La humilde plumilla que firma este artículo es una mujer que vive permanentemente instalada en la duda. La duda, decía Aristóteles, es el principio de la sabiduría. Pero en ese principio me he quedado y no he avanzado. Porque yo la verdad es que no entiendo nada de lo que últimamente leo.
La Junta Directiva Nacional del PP me ha creado, por ejemplo, muchas dudas. Y para intentar subsanarlas he echado mano de algunas lecturas de psicología social. Pero estas lecturas han hecho surgir, como en una espiral rizomatica, más dudas. Dudas que pongo en común con ustedes por si acaso, entre todos, logramos resolverlas.
Casado y Egea o el síndrome de Hubris
Ícaro era un mortal, pero quería volar como los dioses. Ni corto ni perezoso, se hizo unas alas de cera. Pero quería volar demasiado alto, se acercó al sol y la cera se derritió. Ícaro cayó al mar y alli desapareció.
El mito de Ícaro está relacionado con la hubris. Porque «hubris», significa «desmesura», y es lo opuesto a la sobriedad y la moderación. Pero también en griego la palabra puede traducirse como «arrogancia«.
En el 2008, el neurólogo británico David Owen publicó un libro , On sickness and on power, en el que acuña el término ‘Síndrome de hubris’ (SH) para describir a los mandatarios y políticos a los que, como a Ícaro, les puede la arrogancia.
Los Hubris son tendentes a la grandiosidad y la omnipotencia y son incapaces de escuchar. No analizan las críticas para averiguar qué ha podido salir mal o en qué pueden haberse equivocado, sino que las recogen sin analizarlas, y pasan a considerar a los demás unos traidores, porque parten del «estás conmigo o estás contra mí«.
Para Owen, el SH está indisolublemente unido al poder. Lo describe como un trastorno adquirido y reversible: se adquiere con el poder, pero puede remitir al desaparecer este.
En 2009, el propio David Owen y el psiquiatra Jonathan Davidson hacen la propuesta, en el libro Hubris Syndrome, de que el SH se considere como un nuevo trastorno psiquiátrico, un cluster de síntomas que configuren un síndrome fácilmente reconocible.
El político, directivo o mandatario que padece Síndrome de Hubris es exageradamente impulsivo y desoye y descalifica las opiniones ajenas. Se percibe a sí mismo no ya como la máxima autoridad de su organización, sino como la propia organización en sí. Hace y deshace a su antojo sin tener en cuenta los intereses de los demás o, incluso, de la propia organización que dirige.
El Hubris carece de carisma, encanto o poder de persuasión. Y lo sabe. Y, como sabe que no puede convencer, impone. Si un colaborador le recrimina algo, probablemente lo expulse de la organización y hará cualquier cosa por desacreditar a sus rivales , incluyendo la creación de campañas de desprestigio.

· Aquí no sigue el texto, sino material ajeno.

lemma diff_sum_monomials_eq:
  assumes "finite A"
  shows "(p :: mpoly) - (\<Sum>a\<in>A. Poly_Mapping.single a (Poly_Mapping.lookup p a)) =
    (\<Sum>a\<in>Poly_Mapping.keys p - A. Poly_Mapping.single a (Poly_Mapping.lookup p a))"
proof -
  let ?m = "\<lambda>a. Poly_Mapping.single a (Poly_Mapping.lookup p a)"
  have "p = (\<Sum>a\<in>Poly_Mapping.keys p. ?m a)"
    by (rule poly_eq_sum_monomials)
  also have "\<dots> = (\<Sum>a\<in>Poly_Mapping.keys p - A. ?m a) + (\<Sum>a\<in>Poly_Mapping.keys p \<inter> A. ?m a)"
    by (subst add.commute) (rule sum.Int_Diff, simp)
  also have "(\<Sum>a\<in>Poly_Mapping.keys p \<inter> A. ?m a) = (\<Sum>a\<in>A. ?m a)"
    using assms by (intro sum.mono_neutral_left) (auto simp: in_keys_iff)
  finally show ?thesis
    unfolding diff_eq_eq .
qed

lemma finite_dim_quotient_if_pure_powers:
  assumes "\<And>i. i < n \<Longrightarrow> Poly_Mapping.single (Poly_Mapping.single i N) 1 \<in> gen_ideal n f"
  shows "finite_dim_quotient n (gen_ideal n f)"
proof -
  define A where "A = {a. Poly_Mapping.keys a \<subseteq> {..<n} \<and> (\<forall>j<n. Poly_Mapping.lookup a j < N)}"
  define B where "B = (\<lambda>a. Poly_Mapping.single a (1 :: complex)) ` A"
  have "finite A"
    unfolding A_def by (rule finite_monomials_exponents_below)
  have inj: "inj_on (\<lambda>a. Poly_Mapping.single a (1 :: complex)) A"
    by (rule inj_onI) (metis lookup_single_eq lookup_single_not_eq one_neq_zero)
  show ?thesis
    unfolding finite_dim_quotient_def
  proof (intro exI conjI allI impI ballI)
    show "finite B"
      using \<open>finite A\<close> by (simp add: B_def)
    show "in_vars n b" if "b \<in> B" for b
      using that by (auto simp: B_def A_def in_vars_single)
    fix p assume p: "in_vars n p"
    let ?c = "\<lambda>b. Poly_Mapping.lookup p (the_elem (Poly_Mapping.keys b))"
    have "(\<Sum>b\<in>B. const_poly (?c b) * b) = (\<Sum>a\<in>A. Poly_Mapping.single a (Poly_Mapping.lookup p a))"
      by (simp add: B_def sum.reindex[OF inj] const_poly_def mult_single)
    then have "p - (\<Sum>b\<in>B. const_poly (?c b) * b) =
        (\<Sum>a\<in>Poly_Mapping.keys p - A. Poly_Mapping.single a (Poly_Mapping.lookup p a))"
      using diff_sum_monomials_eq[OF \<open>finite A\<close>] by simp
    also have "\<dots> \<in> gen_ideal n f"
    proof (rule gen_ideal_sum)
      fix a assume a: "a \<in> Poly_Mapping.keys p - A"
      then have "Poly_Mapping.keys a \<subseteq> {..<n}"
        using p by (auto simp: in_vars_def)
      moreover from this a obtain j where "j < n" "N \<le> Poly_Mapping.lookup a j"
        by (auto simp: A_def not_less)
      ultimately show "Poly_Mapping.single a (Poly_Mapping.lookup p a) \<in> gen_ideal n f"
        using assms by (blast intro: monomial_in_gen_ideal_if_pure_power)
    qed
    finally show "p - (\<Sum>b\<in>B. const_poly (?c b) * b) \<in> gen_ideal n f" .
  qed
qed

theorem corollary16:
  fixes n k :: nat
  assumes "k \<ge> 2" and "n \<ge> 1"
  shows "hom_sop n (\<lambda>i. pderiv_var i (complete_hom n k))"
proof -
  obtain d where k: "k = Suc d" and "d > 0"
    using assms(1) by (cases k) auto
  have "in_vars n (pderiv_var i (complete_hom n k)) \<and> homogeneous d (pderiv_var i (complete_hom n k))"
    for i
    using keys_pderiv_complete_hom_on[of "{..<n}" i d]
    by (auto simp: k complete_hom_eq_complete_hom_on in_vars_def homogeneous_def monomials_of_degree_def)
  moreover have "finite_dim_quotient n (jacobian_ideal n (complete_hom n k))"
    using pure_power_in_jacobian_ideal[of _ n k] k by (intro finite_dim_quotient_if_pure_powers) simp
  ultimately show ?thesis
    unfolding hom_sop_def using \<open>d > 0\<close> by blast
qed

end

Como las decisiones que toma se basan en su idea de la realidad –que suele ser binaria: todo o nada, blanco y negro– el resultado son errores, cuya responsabilidad el Hubris nunca asumirá y de las que acabará culpando a otras personas. Por esta razón, sus subordinados viven anclados en la inseguridad y el miedo y tratan de complacerlo en todas sus órdenes en lugar de confrontarlo. Logicamente esta complacencia deriva, a su vez, en más errores.
A veces, el Hubris comete un error muy, muy grande que le cuesta el puesto. Si tal cosa sucede, Hubris jamás reconocerá que se lo había buscado. Todo habrá sido el producto de una conspiración. Se irá, sí, pero haciéndose la víctima, no sin sentimientos de depresión, nostalgia y rabia. Dicho lo cual, no sé si alguien le resonarán estas palabras de Casado: «Siento lo que he tenido que sufrir y creo que no me lo merezco».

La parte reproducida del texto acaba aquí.